There is a minimum adoption fee of £35 for Sandy.
Furry Friends
Email: [email protected]
Mob: 0751 568 4921


----------



## AnnaT (Oct 13, 2009)

Still waiting for a home


----------



## emzybabe (Jun 30, 2009)

Hi Anna how are Sandys poos doing I feel really sorry for her and I'm quite experienced with rabbits with problematic tear ducts but would be so paranoid about fly strike with a mucky bum bunny.


----------



## AnnaT (Oct 13, 2009)

emzybabe said:


> Hi Anna how are Sandys poos doing I feel really sorry for her and I'm quite experienced with rabbits with problematic tear ducts but would be so paranoid about fly strike with a mucky bum bunny.

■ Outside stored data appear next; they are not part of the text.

theorem corollary2:
  fixes M N :: "real^('k::finite + 'n::finite)^('k + 'n)"
  assumes "symmetric_mat M" and "symmetric_mat N"
    and "invertible N"
    and "psd (blk11 N)" and "pd (- blk22 N)"
  shows "(\<forall>Z \<in> S_N N. pd (quadIZ M Z)) \<longleftrightarrow> (\<exists>\<alpha>::real. \<alpha> \<ge> 0 \<and> pd (M - \<alpha> *\<^sub>R N))"
proof
  assume robust: "\<forall>Z \<in> S_N N. pd (quadIZ M Z)"
  interpret indefinite_block_form N
    using assms(2,4,5) by unfold_locales
  have cone: "\<forall>x. x \<noteq> 0 \<longrightarrow> 0 \<le> qform N x \<longrightarrow> 0 < qform M x"
  proof (intro allI impI)
    fix x :: "real^('k + 'n)" assume "x \<noteq> 0" "0 \<le> qform N x"
    then obtain Z where "Z \<in> S_N N" "lpart x \<noteq> 0" "stackIZ Z *v lpart x = x"
      by (rule nonneg_cone_in_graphs_of_S_N)
    moreover from this(1) have "pd (quadIZ M Z)"
      using robust by blast
    ultimately have "0 < qform (quadIZ M Z) (lpart x)"
      by (simp add: pd_iff_qform)
    then show "0 < qform M x"
      by (simp add: qform_quadIZ \<open>stackIZ Z *v lpart x = x\<close>)
  qed
  have slater: "0 < qform N (schur_lift N (axis undefined 1))"
    using assms(3) by (intro qform_schur_lift_pos) simp_all
  obtain \<tau> where "0 \<le> \<tau>" and \<tau>: "\<And>z. z \<noteq> 0 \<Longrightarrow> 0 < qform M z - \<tau> * qform N z"
    using S_lemma_strict[OF cone slater] by blast
  have "pd (M - \<tau> *\<^sub>R N)"
    using \<tau> assms(1,2) by (simp add: pd_iff_qform qform_diff_scaleR symmetric_mat_diff_scaleR)
  then show "\<exists>\<alpha>. \<alpha> \<ge> 0 \<and> pd (M - \<alpha> *\<^sub>R N)"
    using \<open>0 \<le> \<tau>\<close> by blast
next
  assume "\<exists>\<alpha>. \<alpha> \<ge> 0 \<and> pd (M - \<alpha> *\<^sub>R N)"
  then show "\<forall>Z \<in> S_N N. pd (quadIZ M Z)"
    using pd_quadIZ_if_pd_diff assms(1,2) by blast
qed

end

She is still mucky and we are cleaning her a few times a week, which is better as I was doing it daily. She is very overweight still, but she is on diet food now with lots of hay so hopefully when the snow goes she can start exercising in the run and the weight will fall off easier.


----------



## emzybabe (Jun 30, 2009)

glad she's making good progress


----------



## AnnaT (Oct 13, 2009)

Sandy is such a good girl. Still waiting for a home.


----------



## AnnaT (Oct 13, 2009)

Still here.


----------



## AnnaT (Oct 13, 2009)

Sandy is now in a new home


----------